-- DATASET --
============================================================
(* With $d_k$ as defined below, for every $0\le k\le q-1$, $$d_k=-(-1)^{k+\lfloor k/p\rfloor}\,k!\binom{q/p-1}{\lfloor k/p\rfloor}.$$
   Context: $\mathbf{F}_q$ has characteristic $p$. $M(k,b,D)$ denotes the number of ordered $k$-tuples of pairwise distinct elements of $D\subseteq\mathbf{F}_q$ with sum $b$. $d_0=-1$ and $d_k=M(k,1,\mathbf{F}_q^* )-M(k,0,\mathbf{F}_q^* )$ for $k\ge1$. Binomial coefficients $\binom{x}{m}=x(x-1)\cdots(x-m+1)/m!$ for real $x$, integer $m\ge0$. *)

theory Defs
  imports "HOL-Analysis.Analysis"
begin

definition M :: "nat \<Rightarrow> 'a::{finite,field} \<Rightarrow> 'a set \<Rightarrow> nat" where
  "M k b D = card {xs. length xs = k \<and> distinct xs \<and> set xs \<subseteq> D \<and> sum_list xs = b}"

definition d :: "'a::{finite,field} itself \<Rightarrow> nat \<Rightarrow> int" where
  "d _ k = (if k = 0 then -1
            else int (M k (1::'a) (UNIV - {0})) - int (M k (0::'a) (UNIV - {0})))"

end

theory Submission
  imports Defs "HOL-Combinatorics.Multiset_Permutations"
begin

(*
  Write U for the set of nonzero elements of F_q and A_k(b) for the number
  of k-element subsets of U with sum b.  Every such subset has k! orderings, so
  d_k = k! * e_k with e_k = A_k(1) - A_k(0) (and e_0 = -1).

  For any finite subset D of a ring, double counting and repeatedly removing one element
  give a Newton-type identity
     (k+1) A_{k+1}(b) = sum_{j<=k} (-1)^j sum_{x in D} A_{k-j}(b - (j+1) x).
  For D = U the inner sum is evaluated by the substitution x |-> b - s x, which is a
  bijection of U onto F_q - {b} unless s = 0 in F_q, i.e. unless p divides s.  Hence
     (k+1) e_{k+1} = sum_{j<=k} (-1)^j w(j+1) e_{k-j},  w(s) = (q-1 if p | s, else -1).
  The claimed closed form -(-1)^(k + k div p) * binom(q/p - 1, k div p) satisfies the same
  recurrence (by an identity for partial alternating sums of binomial coefficients and by
  splitting {0..k} into blocks of length p), and both sequences start with -1; such a
  recurrence determines its solution uniquely.
*)

definition subset_count :: "nat \<Rightarrow> 'a::ab_group_add \<Rightarrow> 'a set \<Rightarrow> nat" where
  "subset_count k b D = card {S. S \<subseteq> D \<and> card S = k \<and> \<Sum>S = b}"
============================================================
-- EXERCISE DETAILS --
All entries should be given again precisely as they appear above.

-- ANSWER SECTION --
(* With $d_k$ as defined below, for every $0\le k\le q-1$, $$d_k=-(-1)^{k+\lfloor k/p\rfloor}\,k!\binom{q/p-1}{\lfloor k/p\rfloor}.$$
   Context: $\mathbf{F}_q$ has characteristic $p$. $M(k,b,D)$ denotes the number of ordered $k$-tuples of pairwise distinct elements of $D\subseteq\mathbf{F}_q$ with sum $b$. $d_0=-1$ and $d_k=M(k,1,\mathbf{F}_q^* )-M(k,0,\mathbf{F}_q^* )$ for $k\ge1$. Binomial coefficients $\binom{x}{m}=x(x-1)\cdots(x-m+1)/m!$ for real $x$, integer $m\ge0$. *)

theory Defs
  imports "HOL-Analysis.Analysis"
begin

definition M :: "nat \<Rightarrow> 'a::{finite,field} \<Rightarrow> 'a set \<Rightarrow> nat" where
  "M k b D = card {xs. length xs = k \<and> distinct xs \<and> set xs \<subseteq> D \<and> sum_list xs = b}"

definition d :: "'a::{finite,field} itself \<Rightarrow> nat \<Rightarrow> int" where
  "d _ k = (if k = 0 then -1
            else int (M k (1::'a) (UNIV - {0})) - int (M k (0::'a) (UNIV - {0})))"

end

theory Submission
  imports Defs "HOL-Combinatorics.Multiset_Permutations"
begin

(*
  Write U for the set of nonzero elements of F_q and A_k(b) for the number
  of k-element subsets of U with sum b.  Every such subset has k! orderings, so
  d_k = k! * e_k with e_k = A_k(1) - A_k(0) (and e_0 = -1).

  For any finite subset D of a ring, double counting and repeatedly removing one element
  give a Newton-type identity
     (k+1) A_{k+1}(b) = sum_{j<=k} (-1)^j sum_{x in D} A_{k-j}(b - (j+1) x).
  For D = U the inner sum is evaluated by the substitution x |-> b - s x, which is a
  bijection of U onto F_q - {b} unless s = 0 in F_q, i.e. unless p divides s.  Hence
     (k+1) e_{k+1} = sum_{j<=k} (-1)^j w(j+1) e_{k-j},  w(s) = (q-1 if p | s, else -1).
  The claimed closed form -(-1)^(k + k div p) * binom(q/p - 1, k div p) satisfies the same
  recurrence (by an identity for partial alternating sums of binomial coefficients and by
  splitting {0..k} into blocks of length p), and both sequences start with -1; such a
  recurrence determines its solution uniquely.
*)

definition subset_count :: "nat \<Rightarrow> 'a::ab_group_add \<Rightarrow> 'a set \<Rightarrow> nat" where
  "subset_count k b D = card {S. S \<subseteq> D \<and> card S = k \<and> \<Sum>S = b}"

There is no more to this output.